Goddess Durga carries numerous weapons which were given to her by various male deities. Therefore there is a belief that the weapons carried by Durga represent the various forces in Nature – Durga’s energy rests in these weapons.
Today, Ayudha Puja is the day when Hindus keep the tools and objects that are used to make a livelihood for pooja. The tools and implements are not touched on the Ayudha Puja day. It is only taken on the next day morning with renewed vigor after the blessings from Goddess.
Which tool one keeps during Ayudha Puja depends on his/her trade - this can be laptop, desktop, cycle, autorikshaw, screwdriver, sewing machine etc. Nowadays, people also do not use vehicles on the day. Cars, scooters and bikes are also kept for puja.

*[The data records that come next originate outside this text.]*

lemma sum_eq_neg_card_imp_eq_neg_one:
  fixes x :: "'i \<Rightarrow> complex"
  assumes I: "finite I" and norm: "\<And>i. i \<in> I \<Longrightarrow> norm (x i) \<le> 1"
    and sum: "(\<Sum>i\<in>I. x i) = - of_nat (card I)" and i: "i \<in> I"
  shows "x i = -1"
proof -
  have Re_ge: "Re (x j) + 1 \<ge> 0" if "j \<in> I" for j
    using abs_Re_le_cmod[of "x j"] norm[OF that] by linarith
  have "(\<Sum>j\<in>I. Re (x j) + 1) = Re (\<Sum>j\<in>I. x j) + card I"
    by (simp add: sum.distrib)
  then have "(\<Sum>j\<in>I. Re (x j) + 1) = 0" using sum by simp
  then have "\<forall>j\<in>I. Re (x j) + 1 = 0" by (simp only: sum_nonneg_eq_0_iff[OF I Re_ge])
  then have Re: "Re (x i) = -1" using i by (simp add: add_eq_0_iff2)
  have "Re (x i)^2 + Im (x i)^2 = norm (x i)^2" by (simp add: cmod_power2)
  also have "\<dots> \<le> 1" using norm[OF i] by (simp add: power_le_one)
  finally have "Re (x i)^2 + Im (x i)^2 \<le> 1" .
  then have "Im (x i) = 0" using Re by simp
  then show ?thesis using Re by (simp add: complex_eq_iff)
qed

definition signed_power_values :: "'a::ring_1 \<Rightarrow> nat \<Rightarrow> 'a set" where
  "signed_power_values Q n = {- (Q ^ n), 0} \<union> (\<lambda>i. Q ^ i) ` {..n - 1} \<union> (\<lambda>i. - (Q ^ i)) ` {..n - 1}"

lemma signed_power_values_of_int:
  "signed_power_values (of_int Q :: 'a::ring_1) n = of_int ` signed_power_values Q n"
  unfolding signed_power_values_def by (simp add: image_Un image_image)

lemma signed_power_values_altdef:
  "signed_power_values Q n = {- (Q ^ n), 0} \<union> {Q ^ i | i. i \<le> n - 1} \<union> {- (Q ^ i) | i. i \<le> n - 1}"
  unfolding signed_power_values_def by auto

lemma odd_power_plus_one_dvd:
  fixes x :: "'a::comm_ring_1"
  assumes "odd n"
  shows "x + 1 dvd x ^ n + 1"
proof -
  have "x ^ n + 1 = (x + 1) * (\<Sum>i<n. (-1) ^ (n - Suc i) * x ^ i)"
    using power_diff_sumr2[of x n "-1"] assms by simp
  then show ?thesis by (rule dvdI)
qed

context
  fixes Q A :: int and n :: nat
  assumes Q: "Q \<ge> 2" and n: "n \<ge> 3" and A: "A * (Q + 1) = Q ^ n + 1"
begin

lemma odd_power_quotient_ge_3: "A \<ge> 3"
proof -
  have "(Q * Q - Q + 1) * (Q + 1) = Q ^ 3 + 1" by (simp add: algebra_simps power3_eq_cube)
  also have "\<dots> \<le> A * (Q + 1)" using A power_increasing[OF n, of Q] Q by simp
  finally have "Q * Q - Q + 1 \<le> A" using Q by simp
  moreover have "Q * Q \<ge> 2 * Q" using Q by (intro mult_right_mono) auto
  ultimately show ?thesis using Q by linarith
qed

Children and people who are associated with art and literature also participate in the Ayudha Puja; they dedicate the prayers and pooja to Goddess Saraswathi. This is referred as Saraswathi Puja. Here too people abstain from touching books and other written materials.
Visiting temples dedicated to Hindu Goddesses is an important part of Ayudha Puja. Special poojas are also performed at home by elders and books and tools are kept for puja.